◆ EXERCISE AIM ◆
Below are some lines of data. Return all of them as they are.

Items from a dataset:
(* Let $\mu=(p,q,r,s)\in\mathbb{C}^4$ and $\phi\in\Phi_\mu$. Then $\log^+|\phi|=\max\{\log|\phi|,0\}$ has an upper Fibonacci bound on $\Omega$: for a fixed edge $e$ there is $\kappa>0$ with $\log^+|\phi(X)|\le \kappa F_e(X)$ for all $X\in\Omega$.
   Context: Let $\Sigma$ be a countably infinite simplicial tree, properly embedded in the plane, all of whose vertices have degree $3$. A complementary region is the closure of a connected component of the complement of $\Sigma$; $\Omega$ is the set of complementary regions, $E(\Sigma)$ the set of edges. Every edge $e$ is the intersection of exactly two regions $X,Y$, and its two endpoints lie on two further regions $Z,W$ respectively; write $e\leftrightarrow(X,Y;Z,W)$. Three regions meet at each vertex. Fix a coloring $\mathcal C:\Omega\cup E(\Sigma)\to\{1,2,3\}$ such that for every $e\leftrightarrow(X,Y;Z,W)$, $\mathcal C(e)=\mathcal C(Z)=\mathcal C(W)$ and $\mathcal C(e),\mathcal C(X),\mathcal C(Y)$ are pairwise distinct; $\Omega_i$, $E_i$ denote regions/edges of color $i$. For $\mu=(p,q,r,s)\in\mathbb{C}^4$, a $\mu$-Markoff map is $\phi:\Omega\to\mathbb{C}$ such that (i) at every vertex with regions $X\in\Omega_1,Y\in\Omega_2,Z\in\Omega_3$, $x^2+y^2+z^2+xyz=px+qy+rz+s$ where $x=\phi(X)$, etc.; (ii) for $e\in E_1$, $e\leftrightarrow(Y,Z;X,X')$: $\phi(X)+\phi(X')=p-\phi(Y)\phi(Z)$; for $e\in E_2$, $e\leftrightarrow(X,Z;Y,Y')$: $\phi(Y)+\phi(Y')=q-\phi(X)\phi(Z)$; for $e\in E_3$, $e\leftrightarrow(X,Y;Z,Z')$: $\phi(Z)+\phi(Z')=r-\phi(X)\phi(Y)$. $\Phi_\mu$ is the set of such maps. Fibonacci function: for a directed edge $\vec e$ with underlying edge $e=X_1\cap X_2$, let $\Omega^0(e)=\{X_1,X_2\}$; removing the interior of $e$ leaves two subtrees $\Sigma^+$ (containing the head of $\vec e$) and $\Sigma^-$; $\Omega^\pm(\vec e)$ is the set of regions whose boundary lies in $\Sigma^\pm$, and $\Omega^{0-}(\vec e)=\Omega^0(e)\cup\Omega^-(\vec e)$. For $Z\in\Omega^{0-}(\vec e)$ let $d(Z)$ be the number of edges in a shortest path from the head of $\vec e$ to $Z$. For $Z\in\Omega^-(\vec e)$ there are exactly two regions $X,Y\in\Omega^{0-}(\vec e)$ with $d(X),d(Y)<d(Z)$ meeting $Z$ (and $X,Y,Z$ meet at a vertex). Define $F_{\vec e}=1$ on $\Omega^0(e)$ and recursively $F_{\vec e}(Z)=F_{\vec e}(X)+F_{\vec e}(Y)$ for such $Z$. Define $F_e(X)=F_{\vec e}(X)$ for $X\in\Omega^{0-}(\vec e)$ and $F_e(X)=F_{-\vec e}(X)$ for $X\in\Omega^+(\vec e)$. *)

theory Defs
  imports Complex_Main
begin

◆ ANSWER TO THIS TASK ◆
(* Let $\mu=(p,q,r,s)\in\mathbb{C}^4$ and $\phi\in\Phi_\mu$. Then $\log^+|\phi|=\max\{\log|\phi|,0\}$ has an upper Fibonacci bound on $\Omega$: for a fixed edge $e$ there is $\kappa>0$ with $\log^+|\phi(X)|\le \kappa F_e(X)$ for all $X\in\Omega$.
   Context: Let $\Sigma$ be a countably infinite simplicial tree, properly embedded in the plane, all of whose vertices have degree $3$. A complementary region is the closure of a connected component of the complement of $\Sigma$; $\Omega$ is the set of complementary regions, $E(\Sigma)$ the set of edges. Every edge $e$ is the intersection of exactly two regions $X,Y$, and its two endpoints lie on two further regions $Z,W$ respectively; write $e\leftrightarrow(X,Y;Z,W)$. Three regions meet at each vertex. Fix a coloring $\mathcal C:\Omega\cup E(\Sigma)\to\{1,2,3\}$ such that for every $e\leftrightarrow(X,Y;Z,W)$, $\mathcal C(e)=\mathcal C(Z)=\mathcal C(W)$ and $\mathcal C(e),\mathcal C(X),\mathcal C(Y)$ are pairwise distinct; $\Omega_i$, $E_i$ denote regions/edges of color $i$. For $\mu=(p,q,r,s)\in\mathbb{C}^4$, a $\mu$-Markoff map is $\phi:\Omega\to\mathbb{C}$ such that (i) at every vertex with regions $X\in\Omega_1,Y\in\Omega_2,Z\in\Omega_3$, $x^2+y^2+z^2+xyz=px+qy+rz+s$ where $x=\phi(X)$, etc.; (ii) for $e\in E_1$, $e\leftrightarrow(Y,Z;X,X')$: $\phi(X)+\phi(X')=p-\phi(Y)\phi(Z)$; for $e\in E_2$, $e\leftrightarrow(X,Z;Y,Y')$: $\phi(Y)+\phi(Y')=q-\phi(X)\phi(Z)$; for $e\in E_3$, $e\leftrightarrow(X,Y;Z,Z')$: $\phi(Z)+\phi(Z')=r-\phi(X)\phi(Y)$. $\Phi_\mu$ is the set of such maps. Fibonacci function: for a directed edge $\vec e$ with underlying edge $e=X_1\cap X_2$, let $\Omega^0(e)=\{X_1,X_2\}$; removing the interior of $e$ leaves two subtrees $\Sigma^+$ (containing the head of $\vec e$) and $\Sigma^-$; $\Omega^\pm(\vec e)$ is the set of regions whose boundary lies in $\Sigma^\pm$, and $\Omega^{0-}(\vec e)=\Omega^0(e)\cup\Omega^-(\vec e)$. For $Z\in\Omega^{0-}(\vec e)$ let $d(Z)$ be the number of edges in a shortest path from the head of $\vec e$ to $Z$. For $Z\in\Omega^-(\vec e)$ there are exactly two regions $X,Y\in\Omega^{0-}(\vec e)$ with $d(X),d(Y)<d(Z)$ meeting $Z$ (and $X,Y,Z$ meet at a vertex). Define $F_{\vec e}=1$ on $\Omega^0(e)$ and recursively $F_{\vec e}(Z)=F_{\vec e}(X)+F_{\vec e}(Y)$ for such $Z$. Define $F_e(X)=F_{\vec e}(X)$ for $X\in\Omega^{0-}(\vec e)$ and $F_e(X)=F_{-\vec e}(X)$ for $X\in\Omega^+(\vec e)$. *)

theory Defs
  imports Complex_Main
begin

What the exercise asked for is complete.